The project is a monorepo with two main components: frontend and backend.

Backend (FastAPI)

  • Framework: Built with FastAPI, providing a robust and fast API service.
  • Entrypoint: backend/app/main.py creates the FastAPI app, configures CORS, and mounts the API router.
  • Deployment: backend/modal_app.py contains the configuration for one-command deployment to Modal.
  • Extraction Pipeline: The POST /api/extract endpoint in backend/app/routers/extract.py handles file uploads and utilizes an adapter pattern.
  • Model Adapters: Three extraction models are integrated via a common BaseAdapter interface:
    • SuryaAdapter - Attempts specialized layout detection with PyMuPDF fallback
    • DoclingAdapter - Attempts enhanced text formatting with PyMuPDF fallback
    • MinerUAdapter - Attempts optimized fast processing with PyMuPDF fallback
  • PDF Processing: PyMuPDF (backend/app/utils/pdf.py) is the core engine for PDF parsing and rendering with intelligent fallback modes.
  • Rate Limiting: Built-in rate limiting (12 requests per minute per IP).
  • Health Monitoring: /health endpoint reports PDF engine status and availability.

Frontend (Next.js)

  • Framework: Built with Next.js 14 (App Router), React, and styled with Tailwind CSS.
  • Main Interface: frontend/app/page.tsx implements the complete user workflow.
  • State Management: React state manages file uploads, processing status, and results.
  • Interactive Components:
    • Sidebar - Navigation and file status
    • ZoomableImage - Interactive PDF page viewer with zoom controls
    • ThemeToggle - Dark/light mode switching
  • Responsive Design: Mobile-friendly with MobileSidebar for smaller screens.
  • Results Display:
    • Dual-pane view showing annotated images alongside extracted markdown
    • Comparison grid with detailed metrics and side-by-side model outputs
    • Performance analytics including processing time, element counts, and confidence scores

Getting Started

Prerequisites

  • Node.js (v18.17 or later)
  • npm or yarn
  • Python (v3.10 or later) and pip

Backend Setup

  1. Navigate to the backend directory:

    cd backend
  2. Create and activate a Python virtual environment:

    # For macOS/Linux
    python3 -m venv .venv
    source .venv/bin/activate
    
    # For Windows (PowerShell)
    python -m venv .venv
    .\.venv\Scripts\Activate.ps1
  3. Install dependencies:

    pip install -r requirements.txt
  4. Run the development server:

    uvicorn app.main:create_app --factory --host 0.0.0.0 --port 8000 --reload

    The backend API will be available at http://localhost:8000.

Frontend Setup

  1. Navigate to the frontend directory:

    cd frontend
  2. Install dependencies:

    npm install
  3. Configure environment variables:

    cp .env.local.example .env.local

    Set NEXT_PUBLIC_BACKEND_URL in frontend/.env.local to http://localhost:8000.

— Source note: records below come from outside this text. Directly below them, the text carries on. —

lemma minimal_dominating_setI:
  assumes "dominating_set G D" "\<And>x. x \<in> D \<Longrightarrow> \<not> dominating_set G (D - {x})"
  shows "minimal_dominating_set G D"
  unfolding minimal_dominating_set_def
proof (intro conjI allI impI notI assms(1))
  fix D' assume "D' \<subset> D" "dominating_set G D'"
  then obtain x where "x \<in> D" "D' \<subseteq> D - {x}" by blast
  moreover have "D - {x} \<subseteq> verts G"
    using assms(1) by (auto simp: dominating_set_def)
  ultimately show False
    using assms(2) dominating_set_mono[OF \<open>dominating_set G D'\<close>] by blast
qed

lemma not_well_dominated_if_smaller_dominating_set:
  assumes "minimal_dominating_set G D" "dominating_set G D'" "card D' < card D"
  shows "\<not> well_dominated G"
  using assms by (fastforce simp: well_dominated_def minimum_dominating_set_def)

lemma finite_simple_graph_adj_sym: "finite_simple_graph H \<Longrightarrow> adj H u v \<Longrightarrow> adj H v u"
  by (simp add: finite_simple_graph_def)

lemma finite_simple_graph_adj_verts:
  "finite_simple_graph H \<Longrightarrow> adj H u v \<Longrightarrow> u \<in> verts H \<and> v \<in> verts H"
  by (simp add: finite_simple_graph_def)

lemma finite_simple_graph_adj_irrefl: "finite_simple_graph H \<Longrightarrow> adj H u v \<Longrightarrow> u \<noteq> v"
  by (auto simp: finite_simple_graph_def)

lemma connected_graph_edge_leaving:
  assumes "finite_simple_graph H" "connected_graph H"
    and "W \<subseteq> verts H" "W \<noteq> {}" "W \<noteq> verts H"
  obtains u x where "u \<in> W" "x \<in> verts H - W" "adj H u x"
proof -
  obtain w y where "w \<in> W" "y \<in> verts H - W"
    using assms(3-5) by blast
  then have "(adj H)\<^sup>*\<^sup>* w y"
    using assms(2,3) by (auto simp: connected_graph_def)
  then have "y \<in> W \<or> (\<exists>u\<in>W. \<exists>x. x \<notin> W \<and> adj H u x)"
    by (induction rule: rtranclp_induct) (use \<open>w \<in> W\<close> in blast)+
  then show ?thesis
    using that \<open>y \<in> verts H - W\<close> finite_simple_graph_adj_verts[OF assms(1)] by blast
qed
(* For all $\phi,\psi\in\mathfrak M$, $$\lim_{\varepsilon\to0}\mathfrak t_\varepsilon[\psi,\phi]=\mathfrak t_{\rm AB}[\psi,\phi].$$
   Context: Work in $L^2(\mathbb{R})$ with $(f,g)=\int\overline{f}g\,dx$; $q$ is multiplication by $x$, $p=-i\,d/dx$, $t=q^{-1}p$ with $D(t)=\{f\in D(p):pf\in D(q^{-1})\}$, $t^*$ its adjoint; $L^2_0$, $L^2_1$ the even/odd subspaces. For $0<\varepsilon\le1$ define $S_\varepsilon$ in $L^2_0$ by $D(S_\varepsilon)=\{f\in L^2_0\cap\bigcap_nD(t^{2n+1}):\sum_{n=0}^N\frac{(-1)^n}{2n+1}(\sqrt\varepsilon t)^{2n+1}f$ converges in norm$\}$, $S_\varepsilon f=-\varepsilon^{-1/2}\sum_{n\ge0}\frac{(-1)^n}{2n+1}(\sqrt\varepsilon t)^{2n+1}f$, and $S^*_\varepsilon$ (notation only) in $L^2_1$ by the same formulas with $t^*$ and $L^2_1$. Let $\mathfrak M_0$ be the span of $\{x^{2n}e^{-\alpha x^2/2}:n\ge0,\alpha\in(0,1)\}$, $\mathfrak M_1$ the span of $\{x^{2n+1}e^{-\alpha x^2/2}:n\ge0,\alpha\in(0,1)\}$, and $\mathfrak M=\mathfrak M_0\oplus\mathfrak M_1$ (one has $\mathfrak M_0\subset D(S_\varepsilon)\cap D(t)$ and $\mathfrak M_1\subset D(S^*_\varepsilon)\cap D(t^* )$ for all $0<\varepsilon\le1$). For $\psi=\psi_0\oplus\psi_1$, $\phi=\phi_0\oplus\phi_1\in\mathfrak M$ set $\mathfrak t_\varepsilon[\psi,\phi]=\frac12((\psi_0,S_\varepsilon\phi_0)+(S_\varepsilon\psi_0,\phi_0))+\frac12((\psi_1,S^*_\varepsilon\phi_1)+(S^*_\varepsilon\psi_1,\phi_1))$ and $\mathfrak t_{\rm AB}[\psi,\phi]=-\frac12((\psi_0,t\phi_0)+(t\psi_0,\phi_0))-\frac12((\psi_1,t^*\phi_1)+(t^*\psi_1,\phi_1))$. *)

theory Defs
  imports "HOL-Analysis.Analysis"
begin

text \<open>Elements of L2(R) are represented by measurable functions real => complex;
  operators are represented by their graphs as relations between representatives
  (values determined up to equality almost everywhere).\<close>

type_synonym fn = "real \<Rightarrow> complex"

definition L2 :: "fn \<Rightarrow> bool" where
  "L2 f \<longleftrightarrow> f \<in> borel_measurable lborel \<and> integrable lborel (\<lambda>x. (cmod (f x))\<^sup>2)"

definition l2_inner :: "fn \<Rightarrow> fn \<Rightarrow> complex" where
  "l2_inner f g = (LINT x|lborel. cnj (f x) * g x)"

definition l2_norm :: "fn \<Rightarrow> real" where
  "l2_norm f = sqrt (LINT x|lborel. (cmod (f x))\<^sup>2)"

definition ae_eq :: "fn \<Rightarrow> fn \<Rightarrow> bool" where
  "ae_eq f g \<longleftrightarrow> (AE x in lborel. f x = g x)"

definition L2_even :: "fn \<Rightarrow> bool" where
  "L2_even f \<longleftrightarrow> L2 f \<and> (AE x in lborel. f (- x) = f x)"

definition L2_odd :: "fn \<Rightarrow> bool" where
  "L2_odd f \<longleftrightarrow> L2 f \<and> (AE x in lborel. f (- x) = - f x)"

definition test_fun :: "fn \<Rightarrow> bool" where
  "test_fun \<phi> \<longleftrightarrow> (\<exists>D :: nat \<Rightarrow> fn. D 0 = \<phi> \<and>
      (\<forall>k x. (D k has_vector_derivative D (Suc k) x) (at x))) \<and>
    (\<exists>R. \<forall>x. \<bar>x\<bar> > R \<longrightarrow> \<phi> x = 0)"

definition weak_deriv :: "fn \<Rightarrow> fn \<Rightarrow> bool" where
  "weak_deriv f g \<longleftrightarrow> L2 f \<and> L2 g \<and>
     (\<forall>\<phi>. test_fun \<phi> \<longrightarrow>
        (LINT x|lborel. f x * vector_derivative \<phi> (at x)) = - (LINT x|lborel. g x * \<phi> x))"

text \<open>Momentum p = -i d/dx on its self-adjoint domain H^1.\<close>
definition p_rel :: "fn \<Rightarrow> fn \<Rightarrow> bool" where
  "p_rel f h \<longleftrightarrow> L2 h \<and> (\<exists>g. weak_deriv f g \<and> (AE x in lborel. h x = - \<i> * g x))"

definition qinv_rel :: "fn \<Rightarrow> fn \<Rightarrow> bool" where
  "qinv_rel f h \<longleftrightarrow> L2 f \<and> L2 h \<and> (AE x in lborel. h x = f x / of_real x)"

definition t_rel :: "fn \<Rightarrow> fn \<Rightarrow> bool" where
  "t_rel f h \<longleftrightarrow> (\<exists>g. p_rel f g \<and> qinv_rel g h)"

definition tadj_rel :: "fn \<Rightarrow> fn \<Rightarrow> bool" where
  "tadj_rel g h \<longleftrightarrow> L2 g \<and> L2 h \<and>
     (\<forall>f k. t_rel f k \<longrightarrow> l2_inner g k = l2_inner h f)"

fun rel_pow :: "(fn \<Rightarrow> fn \<Rightarrow> bool) \<Rightarrow> nat \<Rightarrow> fn \<Rightarrow> fn \<Rightarrow> bool" where
  "rel_pow A 0 f h \<longleftrightarrow> L2 f \<and> L2 h \<and> ae_eq f h"
| "rel_pow A (Suc n) f h \<longleftrightarrow> (\<exists>m. A f m \<and> rel_pow A n m h)"

definition S_rel :: "(fn \<Rightarrow> fn \<Rightarrow> bool) \<Rightarrow> (fn \<Rightarrow> bool) \<Rightarrow> real \<Rightarrow> fn \<Rightarrow> fn \<Rightarrow> bool" where
  "S_rel A P \<epsilon> f g \<longleftrightarrow> P f \<and>
     (\<exists>u s. (\<forall>n. rel_pow A (2*n+1) f (u n)) \<and> L2 s \<and>
        (\<lambda>N. l2_norm (\<lambda>x. (\<Sum>n\<le>N. of_real ((-1)^n / real (2*n+1) * (sqrt \<epsilon>)^(2*n+1)) * u n x) - s x))
          \<longlonglongrightarrow> 0 \<and>
        L2 g \<and> (AE x in lborel. g x = - of_real (1 / sqrt \<epsilon>) * s x))"

definition S_op :: "real \<Rightarrow> fn \<Rightarrow> fn" where
  "S_op \<epsilon> f = (SOME g. S_rel t_rel L2_even \<epsilon> f g)"

definition Sadj_op :: "real \<Rightarrow> fn \<Rightarrow> fn" where
  "Sadj_op \<epsilon> f = (SOME g. S_rel tadj_rel L2_odd \<epsilon> f g)"

definition t_op :: "fn \<Rightarrow> fn" where
  "t_op f = (SOME h. t_rel f h)"

definition tadj_op :: "fn \<Rightarrow> fn" where
  "tadj_op f = (SOME h. tadj_rel f h)"

definition M0 :: "fn set" where
  "M0 = {f. \<exists>F (c :: nat \<times> real \<Rightarrow> complex). finite F \<and> (\<forall>(n,a)\<in>F. 0 < a \<and> a < 1) \<and>
      f = (\<lambda>x. \<Sum>(n,a)\<in>F. c (n,a) * of_real (x^(2*n) * exp (- a * x\<^sup>2 / 2)))}"

definition M1 :: "fn set" where
  "M1 = {f. \<exists>F (c :: nat \<times> real \<Rightarrow> complex). finite F \<and> (\<forall>(n,a)\<in>F. 0 < a \<and> a < 1) \<and>
      f = (\<lambda>x. \<Sum>(n,a)\<in>F. c (n,a) * of_real (x^(2*n+1) * exp (- a * x\<^sup>2 / 2)))}"

text \<open>Forms on M = M_0 (+) M_1; psi = psi0 (+) psi1, phi = phi0 (+) phi1.\<close>
definition t_eps :: "real \<Rightarrow> fn \<Rightarrow> fn \<Rightarrow> fn \<Rightarrow> fn \<Rightarrow> complex" where
  "t_eps \<epsilon> \<psi>0 \<psi>1 \<phi>0 \<phi>1 =
     (l2_inner \<psi>0 (S_op \<epsilon> \<phi>0) + l2_inner (S_op \<epsilon> \<psi>0) \<phi>0) / 2 +
     (l2_inner \<psi>1 (Sadj_op \<epsilon> \<phi>1) + l2_inner (Sadj_op \<epsilon> \<psi>1) \<phi>1) / 2"

definition t_AB :: "fn \<Rightarrow> fn \<Rightarrow> fn \<Rightarrow> fn \<Rightarrow> complex" where
  "t_AB \<psi>0 \<psi>1 \<phi>0 \<phi>1 =
     - (l2_inner \<psi>0 (t_op \<phi>0) + l2_inner (t_op \<psi>0) \<phi>0) / 2
     - (l2_inner \<psi>1 (tadj_op \<phi>1) + l2_inner (tadj_op \<psi>1) \<phi>1) / 2"

end

(* On the functions x^(2k+p) exp(-a x^2/2) the operator t = q^-1 p = -2i d/d(x^2) acts on the
   coefficients by a finite upper bidiagonal matrix T, and on odd functions t^* (x g) = x (t g)
   gives t^* the same matrix. Powers of T grow at most geometrically, so for small eps the series
   defining S_eps converges coefficientwise, hence in L^2, and S_eps phi is again such a combination,
   with coefficients -eps^(-1/2) arctan(sqrt eps T) applied to those of phi. As
   eps^(-1/2) arctan(sqrt eps s) = s + O(eps), these coefficients tend to -T, and every inner product
   in the forms is a finite linear combination of coefficients.
   The analytic work is identifying t, t^* and S_eps, which are defined through weak derivatives,
   adjoints and choice. Weak derivatives and t^* are unique by the fundamental lemma of the calculus
   of variations, applied with test functions vanishing near 0, which lie in the domain of t. *)

theory Submission
  imports Defs "HOL-Computational_Algebra.Polynomial" "HOL-Probability.Probability"
begin

section \<open>Smooth functions\<close>

definition smooth :: "fn \<Rightarrow> bool" where
  "smooth f \<longleftrightarrow> (\<exists>D::nat \<Rightarrow> fn. D 0 = f \<and> (\<forall>k x. (D k has_vector_derivative D (Suc k) x) (at x)))"

lemma test_fun_iff_smooth: "test_fun \<phi> \<longleftrightarrow> smooth \<phi> \<and> (\<exists>R. \<forall>x. \<bar>x\<bar> > R \<longrightarrow> \<phi> x = 0)"
  by (simp add: test_fun_def smooth_def)

lemma smooth_coinduct:
  assumes "P f" and step: "\<And>g. P g \<Longrightarrow> \<exists>g'. (\<forall>x. (g has_vector_derivative g' x) (at x)) \<and> P g'"
  shows "smooth f"
proof -
  define next_deriv where "next_deriv g = (SOME g'. (\<forall>x. (g has_vector_derivative g' x) (at x)) \<and> P g')" for g
  have next_deriv: "P g \<Longrightarrow> (\<forall>x. (g has_vector_derivative next_deriv g x) (at x)) \<and> P (next_deriv g)" for g
    unfolding next_deriv_def using someI_ex[OF step] by blast
  define D where "D k = (next_deriv ^^ k) f" for k
  have P: "P (D k)" for k by (induction k) (auto simp: D_def next_deriv assms(1))
  have "\<forall>k x. (D k has_vector_derivative D (Suc k) x) (at x)"
    using next_deriv[OF P] by (simp add: D_def)
  then show ?thesis unfolding smooth_def
    by (intro exI[of _ D]) (simp add: D_def)
qed

lemma smooth_has_vector_derivative:
  assumes "smooth f"
  obtains f' where "\<And>x. (f has_vector_derivative f' x) (at x)" "smooth f'"
proof -
  obtain D where D: "D 0 = f" "\<And>k x. (D k has_vector_derivative D (Suc k) x) (at x)"
    using assms unfolding smooth_def by blast
  have "smooth (D 1)"
    unfolding smooth_def using D(2) by (intro exI[of _ "\<lambda>k. D (Suc k)"]) auto
  then show ?thesis
    by (rule that[of "D 1", rotated]) (use D in auto)
qed

lemma smooth_vector_derivative:
  assumes "smooth f"
  shows "(f has_vector_derivative vector_derivative f (at x)) (at x)"
    and "smooth (\<lambda>x. vector_derivative f (at x))"
proof -
  obtain f' where f': "\<And>x. (f has_vector_derivative f' x) (at x)" "smooth f'"
    using smooth_has_vector_derivative[OF assms] by blast
  have vd: "vector_derivative f (at x) = f' x" for x
    by (rule vector_derivative_at[OF f'(1)])
  show "(f has_vector_derivative vector_derivative f (at x)) (at x)"
    unfolding vd by (rule f'(1))
  show "smooth (\<lambda>x. vector_derivative f (at x))"
    unfolding vd using f'(2) by (simp add: eta_contract_eq)
qed

lemma smooth_derivative:
  assumes "smooth f" "\<And>x. (f has_vector_derivative f' x) (at x)"
  shows "smooth f'"
proof -
  have "(\<lambda>x. vector_derivative f (at x)) = f'"
    by (rule ext) (rule vector_derivative_at[OF assms(2)])
  with smooth_vector_derivative(2)[OF assms(1)] show ?thesis by simp
qed

lemma smooth_continuous_on: "smooth f \<Longrightarrow> continuous_on UNIV f"
  by (rule continuous_on_vector_derivative) (rule has_vector_derivative_at_within, rule smooth_vector_derivative(1))

lemma smooth_borel_measurable: "smooth f \<Longrightarrow> f \<in> borel_measurable borel"
  using smooth_continuous_on borel_measurable_continuous_onI by blast

lemma smooth_const: "smooth (\<lambda>x. c)"
  by (rule smooth_coinduct[where P="\<lambda>g. \<exists>c. g = (\<lambda>x. c)"]) (auto intro!: exI[of _ "\<lambda>x. 0"])

lemma smooth_add: assumes "smooth f" "smooth g" shows "smooth (\<lambda>x. f x + g x)"
proof (rule smooth_coinduct[where P="\<lambda>h. \<exists>f g. smooth f \<and> smooth g \<and> h = (\<lambda>x. f x + g x)"])
  fix h assume "\<exists>f g. smooth f \<and> smooth g \<and> h = (\<lambda>x. f x + g x)"
  then obtain f g where fg: "smooth f" "smooth g" "h = (\<lambda>x. f x + g x)" by blast
  let ?f' = "\<lambda>x. vector_derivative f (at x)" and ?g' = "\<lambda>x. vector_derivative g (at x)"
  have "(h has_vector_derivative ?f' x + ?g' x) (at x)" for x
    unfolding fg(3) by (intro has_vector_derivative_add smooth_vector_derivative(1) fg)
  then show "\<exists>h'. (\<forall>x. (h has_vector_derivative h' x) (at x)) \<and> (\<exists>f g. smooth f \<and> smooth g \<and> h' = (\<lambda>x. f x + g x))"
    using smooth_vector_derivative(2)[OF fg(1)] smooth_vector_derivative(2)[OF fg(2)]
    by (intro exI[of _ "\<lambda>x. ?f' x + ?g' x"] exI[of _ ?f'] exI[of _ ?g'] conjI allI) auto
qed (use assms in blast)

text \<open>Products are handled by closing under finite sums of products: the Leibniz rule maps
  such a sum to another one.\<close>

lemma has_vector_derivative_sum_list_mult:
  assumes "\<forall>(f,g)\<in>set L. smooth f \<and> smooth g"
  shows "((\<lambda>x. \<Sum>(f,g)\<leftarrow>L. f x * g x) has_vector_derivative
           (\<Sum>(f,g)\<leftarrow>concat (map (\<lambda>(f,g). [(\<lambda>x. vector_derivative f (at x), g),
              (f, \<lambda>x. vector_derivative g (at x))]) L). f x * g x)) (at x)"
  using assms
proof (induction L)
  case (Cons fg L)
  obtain f g where fg: "fg = (f,g)" by fastforce
  have "smooth f" "smooth g" using Cons.prems fg by auto
  then show ?case
    using Cons.IH Cons.prems smooth_vector_derivative(1)[of f x] smooth_vector_derivative(1)[of g x]
    unfolding fg by (auto intro!: derivative_eq_intros simp: algebra_simps)
qed simp

lemma smooth_mult: assumes "smooth f" "smooth g" shows "smooth (\<lambda>x. f x * g x)"
proof (rule smooth_coinduct[where P="\<lambda>h. \<exists>L. (\<forall>(f,g)\<in>set L. smooth f \<and> smooth g) \<and> h = (\<lambda>x. \<Sum>(f,g)\<leftarrow>L. f x * g x)"])
  show "\<exists>L. (\<forall>(f,g)\<in>set L. smooth f \<and> smooth g) \<and> (\<lambda>x. f x * g x) = (\<lambda>x. \<Sum>(f,g)\<leftarrow>L. f x * g x)"
    using assms by (intro exI[of _ "[(f,g)]"]) auto
next
  fix h assume "\<exists>L. (\<forall>(f,g)\<in>set L. smooth f \<and> smooth g) \<and> h = (\<lambda>x. \<Sum>(f,g)\<leftarrow>L. f x * g x)"
  then obtain L where L: "\<forall>(f,g)\<in>set L. smooth f \<and> smooth g" "h = (\<lambda>x. \<Sum>(f,g)\<leftarrow>L. f x * g x)" by blast
  let ?L = "concat (map (\<lambda>(f,g). [(\<lambda>x. vector_derivative f (at x), g), (f, \<lambda>x. vector_derivative g (at x))]) L)"
  have "\<forall>(f,g)\<in>set ?L. smooth f \<and> smooth g"
    using L(1) smooth_vector_derivative(2) by fastforce
  then show "\<exists>h'. (\<forall>x. (h has_vector_derivative h' x) (at x)) \<and>
     (\<exists>L. (\<forall>(f,g)\<in>set L. smooth f \<and> smooth g) \<and> h' = (\<lambda>x. \<Sum>(f,g)\<leftarrow>L. f x * g x))"
    using has_vector_derivative_sum_list_mult[OF L(1)] L(2)
    by (intro exI[of _ "\<lambda>x. \<Sum>(f,g)\<leftarrow>?L. f x * g x"]) blast
qed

  4. Run the development server:

    npm run dev

    The frontend will be available at http://localhost:3000.

Deployment

Backend on Modal

  1. Install Modal CLI:

    pip install modal
  2. Set up Modal token:

    modal token new
  3. Deploy:

    modal deploy backend/modal_app.py

Frontend on Vercel

The project includes vercel.json for automatic configuration:

  1. Push to GitHub/GitLab/Bitbucket
  2. Import repository in Vercel
  3. Set root directory to frontend
  4. Deploy automatically with pre-configured environment variables

API Reference

Extract Endpoint

POST /api/extract

Upload and process a PDF file with selected models.

Form Data:

  • file (required): PDF file to process
  • models (optional): Comma-separated list of models (surya,docling,mineru)
  • page_start (optional): Starting page number (1-indexed)
  • page_end (optional): Ending page number

Response:

{
  "pages": 3,
  "models": {
    "surya": {
      "text_markdown": "# Extracted content...",
      "annotated_images": ["data:image/png;base64,..."],
      "meta": {
        "time_ms": 1250.0,
        "block_count": 45,
        "ocr_box_count": 0,
        "char_count": 5420,
        "word_count": 892,
        "element_counts": {
          "titles": 3,
          "headers": 8,
          "paragraphs": 12,
          "tables": 2,
          "figures": 1
        },
        "confidence": 0.94
      }
    }
  }
}

Health Check

GET /health

Check backend status and PDF engine availability.

{
  "status": "ok",
  "pdf_engine": "fitz",
  "fitz_available": true,
  "fitz_error": null
}

Troubleshooting

PyMuPDF Issues

The backend uses PyMuPDF for PDF processing. If you encounter issues:

  1. Check engine status:

    curl http://localhost:8000/health
  2. Common Windows fixes:

    • Install Visual C++ Redistributable
    • Use 64-bit Python
    • Clear pip cache: pip cache purge
  3. Detailed troubleshooting: See backend/BACKEND_TROUBLESHOOTING.md

Fallback Mode

When specialized extraction models are unavailable, the system automatically uses PyMuPDF fallback:

  • Provides reliable text extraction using PyMuPDF's core functionality
  • Generates page images with basic element detection
  • Maintains full API compatibility
  • Sets confidence scores based on extraction quality

Common Issues

  • CORS errors: Ensure backend CORS_ORIGINS includes your frontend domain
  • File upload fails: Check file size (max 15MB) and format (PDF only)
  • Slow processing: Large files with many pages - try reducing page range

Configuration

Environment Variables

Frontend:

  • NEXT_PUBLIC_BACKEND_URL: Backend API base URL

Backend:

  • CORS_ORIGINS: Comma-separated list of allowed origins

File Limits

  • Maximum file size: 15MB
  • Rate limit: 12 requests per minute per IP
  • Supported format: PDF only

Development

The project uses:

  • TypeScript for type safety
  • Tailwind CSS for styling
  • React Zoom Pan Pinch for interactive image viewing
  • React Markdown for content rendering
  • Pydantic for API validation
  • FastAPI for backend framework

License

This project is open source and available under standard terms.